I need to generic compare two primitive (numeric!) types (both boxed as object) to find the greater one. I can't use generics, because I only get objects, but I know the unboxed values are primitive numbers (int, short, long, float etc), so I can cast to IComparable.
How can I than compare those? CompareTo() throws an error because they are different types, but ChangeType can cause an OverflowException...?

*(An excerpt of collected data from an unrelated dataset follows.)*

(* If $s>0$ is small enough, then for every $1\le i\le n-1$ and $1\le j\le D_i$ there is a critical point $w_{i,j}\in\mathbb{C}\setminus\{0\}$ of $P_n$ (a solution of $\sum_{k=1}^{n-1}\frac{(-1)^{k-1}D_kz^{D_k}}{z^{D_k}-a_k^{D_k}}+(-1)^{n-1}d_n-\frac{(d_1-1)d_1z^{d_1}}{(d_1-1)z^{d_1}+1}=0$) such that $|w_{i,j}-\widetilde w_{i,j}|<s^{1/2}|a_i|$, where $\widetilde w_{i,j}=r_ia_ie^{\pi\mathrm{i}(2j-1)/D_i}$ and $r_i=(d_{i+1}/d_i)^{1/D_i}$.
   Context: $n\ge2$, $d_1,\dots,d_n$ positive integers with $\sum 1/d_i<1$, $d_{\max}=\max_i d_i$, $D_i=d_i+d_{i+1}$. $s>0$, $a_i\in\mathbb{C}$ with $|a_1|=(d_{\max}^2s)^{1/d_1}$, $|a_i|=s^{1/d_i}|a_{i-1}|$. $C_n=\sum_{i=1}^{n-1}\frac{(-1)^{i-1}D_ia_i^{D_i}}{1-a_i^{D_i}}$, $B_n=C_n/(1+C_n)$, $A_n=\frac{1}{1+C_n}\prod_{i=1}^{n-1}(1-a_i^{D_i})^{(-1)^i}$, $P_n(z)=A_n\frac{d_1z^{(-1)^{n-1}d_n}}{(d_1-1)z^{d_1}+1}\prod_{i=1}^{n-1}(z^{D_i}-a_i^{D_i})^{(-1)^{i-1}}+B_n$. *)

theory Defs
  imports "HOL-Analysis.Analysis"
begin

text \<open>Degrees d i for i in {1..n}, parameters a i (complex), indices starting at 1.\<close>

definition DD :: "(nat \<Rightarrow> nat) \<Rightarrow> nat \<Rightarrow> nat" where
  "DD d i = d i + d (Suc i)"

definition Cn :: "nat \<Rightarrow> (nat \<Rightarrow> nat) \<Rightarrow> (nat \<Rightarrow> complex) \<Rightarrow> complex" where
  "Cn n d a = (\<Sum>i=1..n-1. (-1)^(i-1) * of_nat (DD d i) * a i ^ DD d i / (1 - a i ^ DD d i))"

definition Bn :: "nat \<Rightarrow> (nat \<Rightarrow> nat) \<Rightarrow> (nat \<Rightarrow> complex) \<Rightarrow> complex" where
  "Bn n d a = Cn n d a / (1 + Cn n d a)"

definition An :: "nat \<Rightarrow> (nat \<Rightarrow> nat) \<Rightarrow> (nat \<Rightarrow> complex) \<Rightarrow> complex" where
  "An n d a = (1 / (1 + Cn n d a)) * (\<Prod>i=1..n-1. (1 - a i ^ DD d i) powi ((-1::int)^i))"

definition Pn :: "nat \<Rightarrow> (nat \<Rightarrow> nat) \<Rightarrow> (nat \<Rightarrow> complex) \<Rightarrow> complex \<Rightarrow> complex" where
  "Pn n d a z = An n d a * (of_nat (d 1) * z powi ((-1::int)^(n-1) * int (d n))
       / ((of_nat (d 1) - 1) * z ^ d 1 + 1))
     * (\<Prod>i=1..n-1. (z ^ DD d i - a i ^ DD d i) powi ((-1::int)^(i-1))) + Bn n d a"

text \<open>The explicit critical point equation (logarithmic derivative of P_n).\<close>
definition crit_eq :: "nat \<Rightarrow> (nat \<Rightarrow> nat) \<Rightarrow> (nat \<Rightarrow> complex) \<Rightarrow> complex \<Rightarrow> bool" where
  "crit_eq n d a z \<longleftrightarrow>
     (\<Sum>k=1..n-1. (-1)^(k-1) * of_nat (DD d k) * z ^ DD d k / (z ^ DD d k - a k ^ DD d k))
     + (-1)^(n-1) * of_nat (d n)
     - (of_nat (d 1) - 1) * of_nat (d 1) * z ^ d 1 / ((of_nat (d 1) - 1) * z ^ d 1 + 1) = 0"

end

theory Submission
  imports Defs "HOL-Complex_Analysis.Weierstrass_Factorization"
begin

text \<open>
  Write the critical point equation of \<open>P\<^sub>n\<close> as
  \<open>\<sigma>\<^sub>i D\<^sub>i z^D\<^sub>i / (z^D\<^sub>i - a\<^sub>i^D\<^sub>i) - \<sigma>\<^sub>i d\<^sub>i\<^sub>+\<^sub>1 + R(z) = 0\<close>, \<open>\<sigma>\<^sub>i = (-1)^(i-1)\<close>:
  the values \<open>(-1)^(k-1) D\<^sub>k\<close> at infinity of the terms with \<open>k > i\<close> telescope against
  \<open>(-1)^(n-1) d\<^sub>n\<close>. Since \<open>|a\<^sub>k|\<close> drops by the factor \<open>s^(1/d\<^sub>k)\<close> at each step, every term
  of \<open>R\<close> is \<open>O(s)\<close> on the annulus \<open>|z| \<approx> |a\<^sub>i|\<close>. With \<open>z = a\<^sub>i \<zeta>\<close> the equation becomes
  \<open>\<zeta>^D\<^sub>i = -(d\<^sub>i\<^sub>+\<^sub>1/d\<^sub>i)(1 + h(\<zeta>))\<close> with \<open>h = O(s)\<close>, and Brouwer's fixed point theorem
  for \<open>\<zeta> \<mapsto> \<zeta>\<^sub>j (1 + h(\<zeta>))^(1/D\<^sub>i)\<close> on the disc of radius \<open>\<surd>s/2\<close> around each
  \<open>D\<^sub>i\<close>-th root \<open>\<zeta>\<^sub>j\<close> of \<open>-d\<^sub>i\<^sub>+\<^sub>1/d\<^sub>i\<close> yields a solution. The equation is
  \<open>z P\<^sub>n'(z) / (P\<^sub>n(z) - B\<^sub>n) = 0\<close>, so these are critical points of \<open>P\<^sub>n\<close>.
\<close>

section \<open>Elementary estimates\<close>

lemma norm_root_one_plus_minus_one_le:
  fixes h :: complex
  assumes "cmod h \<le> 1/4" "D \<ge> 1"
  shows "cmod (exp (Ln (1 + h) / of_nat D) - 1) \<le> 3 * cmod h"
proof -
  have "cmod (Ln (1 + h) / of_nat D) \<le> cmod (Ln (1 + h))"
    using assms(2) by (simp add: norm_divide divide_le_eq mult_le_cancel_left1)
  also have "\<dots> \<le> 2 * cmod h"
    using assms(1) by (intro norm_Ln_le) auto
  finally have small: "cmod (Ln (1 + h) / of_nat D) \<le> 2 * cmod h" .
  have "cmod (exp (Ln (1 + h) / of_nat D) - 1) \<le> 3 / 2 * cmod (Ln (1 + h) / of_nat D)"
    using small assms(1) by (intro norm_exp_bounds) auto
  with small show ?thesis by linarith
qed

lemma root_one_plus_power:
  fixes h :: complex
  assumes "cmod h < 1" "D \<ge> 1"
  shows "exp (Ln (1 + h) / of_nat D) ^ D = 1 + h"
proof -
  have "1 + h \<noteq> 0"
    using assms(1) by (metis add.inverse_unique norm_minus_cancel norm_one order.irrefl)
  then show ?thesis
    using assms(2) by (simp flip: exp_of_nat_mult)
qed

text \<open>Brouwer's fixed point theorem for \<open>z \<mapsto> c (1 + h z)^(1/D)\<close>, with the principal root.\<close>
lemma perturbed_root_exists:
  fixes c :: complex and h :: "complex \<Rightarrow> complex"
  assumes cont: "continuous_on (cball c \<delta>) h" and "\<delta> > 0" "D \<ge> 1"
    and small: "\<And>z. z \<in> cball c \<delta> \<Longrightarrow> cmod (h z) \<le> \<epsilon>" and "\<epsilon> \<le> 1/4"
    and radius: "3 * cmod c * \<epsilon> \<le> \<delta>"
  shows "\<exists>z\<in>cball c \<delta>. z ^ D = c ^ D * (1 + h z)"
proof -
  define T where "T z = c * exp (Ln (1 + h z) / of_nat D)" for z
  have h_quarter: "cmod (h z) \<le> 1/4" if "z \<in> cball c \<delta>" for z
    using small[OF that] \<open>\<epsilon> \<le> 1/4\<close> by linarith
  have "1 + h z \<notin> \<real>\<^sub>\<le>\<^sub>0" if "z \<in> cball c \<delta>" for z
  proof -
    have "\<bar>Re (h z)\<bar> \<le> 1/4"
      using abs_Re_le_cmod[of "h z"] h_quarter[OF that] by linarith
    then show ?thesis by (auto simp: complex_nonpos_Reals_iff)
  qed
  then have "continuous_on (cball c \<delta>) T"
    unfolding T_def using \<open>D \<ge> 1\<close>
    by (auto intro!: continuous_intros cont continuous_on_compose2[OF continuous_on_Ln])
  moreover have "T \<in> cball c \<delta> \<rightarrow> cball c \<delta>"
  proof
    fix z assume z: "z \<in> cball c \<delta>"
    have "dist c (T z) = cmod (c * (exp (Ln (1 + h z) / of_nat D) - 1))"
      by (simp add: T_def dist_norm norm_minus_commute algebra_simps)
    also have "\<dots> = cmod c * cmod (exp (Ln (1 + h z) / of_nat D) - 1)"
      by (rule norm_mult)
    also have "\<dots> \<le> cmod c * (3 * \<epsilon>)"
      using norm_root_one_plus_minus_one_le[OF h_quarter[OF z] \<open>D \<ge> 1\<close>] small[OF z]
      by (intro mult_left_mono) auto
    finally show "T z \<in> cball c \<delta>"
      using radius by simp
  qed
  ultimately obtain z where z: "z \<in> cball c \<delta>" "T z = z"
    using brouwer_ball[OF \<open>\<delta> > 0\<close>] by blast
  have "cmod (h z) < 1"
    using h_quarter[OF z(1)] by linarith
  then have "T z ^ D = c ^ D * (1 + h z)"
    unfolding T_def power_mult_distrib using \<open>D \<ge> 1\<close> by (simp add: root_one_plus_power)
  with z show ?thesis by auto
qed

public static int Compare(object value1, object value2)
{
//e.g. value1 = (object)(int)1; value2 = (object)(float)2.0f
if (value1 is IComparable && value2 is IComparable)
{
return (value1 as IComparable).CompareTo(value2);
//throws exception bc value1.GetType() != value2.GetType()
}
throw new ArgumentException();
}
Maybe so
public static int Compare(object value1, object value2)
{
if (value1 is double || value2 is double)
{
double d1 = Convert.ToDouble(value1);
double d2 = Convert.ToDouble(value2);
return d1.CompareTo(d2);
}
if (value1 is float || value2 is float)
{
float f1 = Convert.ToSingle(value1);
float f2 = Convert.ToSingle(value2);
return f1.CompareTo(f2);
}
long x1 = Convert.ToInt64(value1);
long x2 = Convert.ToInt64(value2);
return x1.CompareTo(x2);
}
The byte, short, int types can be converted to long without precision loss.